**PROBLEM STATEMENT:**
The listing that follows must be given again in full and exactly.

**DATA UNDER STUDY:**
(* Let $A$ be a semicircular Klaus–Shaw potential with support $[X_-,X_+]$. Then $\lambda\mapsto\Xi(\lambda)$ extends to an odd analytic function at $\lambda=0$ with convergent series $\Xi(\lambda)=\mathrm i\sum_{k=1}^\infty\Xi_k\lambda^{2k-1}$ near $0$, where the $\Xi_k$ are real and $\Xi_1=-(X_++X_-)$.
   Context: Let $X_-<X_+$. A semicircular Klaus–Shaw potential is $A:\mathbb R\to[0,\infty)$ such that: $A$ has support $[X_-,X_+]$ and $A(x)=u(x)\sqrt{(X_+-x)(x-X_-)}$ there, where $u\ge c>0$ on $[X_-,X_+]$ and $u$ extends analytically to a complex neighborhood of $[X_-,X_+]$; $A\in L^1\cap C^2(\mathbb R)$ with a unique maximizer $x_0$; $A''(x_0)<0$. $A_{\max}:=A(x_0)$; for $0<s<A_{\max}$, $x_-(s)<x_+(s)$ solve $A(x)=s$. The tail integral is $\Xi(\mathrm is):=(x_+(s)+x_-(s))s+\int_{-\infty}^{x_-(s)}(\sqrt{s^2-A(x)^2}-s)\,dx-\int_{x_+(s)}^{\infty}(\sqrt{s^2-A(x)^2}-s)\,dx$ for $0<s<A_{\max}$, viewed as a function of $\lambda=\mathrm is$. *)

theory Defs
  imports "HOL-Complex_Analysis.Complex_Analysis"
begin

definition xminus :: "(real \<Rightarrow> real) \<Rightarrow> real \<Rightarrow> real" where
  "xminus A s = Min {x. A x = s}"

definition xplus :: "(real \<Rightarrow> real) \<Rightarrow> real \<Rightarrow> real" where
  "xplus A s = Max {x. A x = s}"

text \<open>The tail integral Xi(i s), for 0 < s < A_max.\<close>
definition Xi_tail :: "(real \<Rightarrow> real) \<Rightarrow> real \<Rightarrow> real" where
  "Xi_tail A s =
     (xplus A s + xminus A s) * s
     + integral {..xminus A s} (\<lambda>x. sqrt (s\<^sup>2 - (A x)\<^sup>2) - s)
     - integral {xplus A s..} (\<lambda>x. sqrt (s\<^sup>2 - (A x)\<^sup>2) - s)"

end

theory Submission
  imports Defs
begin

**WRITTEN RESPONSE:**
(* Let $A$ be a semicircular Klaus–Shaw potential with support $[X_-,X_+]$. Then $\lambda\mapsto\Xi(\lambda)$ extends to an odd analytic function at $\lambda=0$ with convergent series $\Xi(\lambda)=\mathrm i\sum_{k=1}^\infty\Xi_k\lambda^{2k-1}$ near $0$, where the $\Xi_k$ are real and $\Xi_1=-(X_++X_-)$.
   Context: Let $X_-<X_+$. A semicircular Klaus–Shaw potential is $A:\mathbb R\to[0,\infty)$ such that: $A$ has support $[X_-,X_+]$ and $A(x)=u(x)\sqrt{(X_+-x)(x-X_-)}$ there, where $u\ge c>0$ on $[X_-,X_+]$ and $u$ extends analytically to a complex neighborhood of $[X_-,X_+]$; $A\in L^1\cap C^2(\mathbb R)$ with a unique maximizer $x_0$; $A''(x_0)<0$. $A_{\max}:=A(x_0)$; for $0<s<A_{\max}$, $x_-(s)<x_+(s)$ solve $A(x)=s$. The tail integral is $\Xi(\mathrm is):=(x_+(s)+x_-(s))s+\int_{-\infty}^{x_-(s)}(\sqrt{s^2-A(x)^2}-s)\,dx-\int_{x_+(s)}^{\infty}(\sqrt{s^2-A(x)^2}-s)\,dx$ for $0<s<A_{\max}$, viewed as a function of $\lambda=\mathrm is$. *)

theory Defs
  imports "HOL-Complex_Analysis.Complex_Analysis"
begin

definition xminus :: "(real \<Rightarrow> real) \<Rightarrow> real \<Rightarrow> real" where
  "xminus A s = Min {x. A x = s}"

definition xplus :: "(real \<Rightarrow> real) \<Rightarrow> real \<Rightarrow> real" where
  "xplus A s = Max {x. A x = s}"

text \<open>The tail integral Xi(i s), for 0 < s < A_max.\<close>
definition Xi_tail :: "(real \<Rightarrow> real) \<Rightarrow> real \<Rightarrow> real" where
  "Xi_tail A s =
     (xplus A s + xminus A s) * s
     + integral {..xminus A s} (\<lambda>x. sqrt (s\<^sup>2 - (A x)\<^sup>2) - s)
     - integral {xplus A s..} (\<lambda>x. sqrt (s\<^sup>2 - (A x)\<^sup>2) - s)"

end

theory Submission
  imports Defs
begin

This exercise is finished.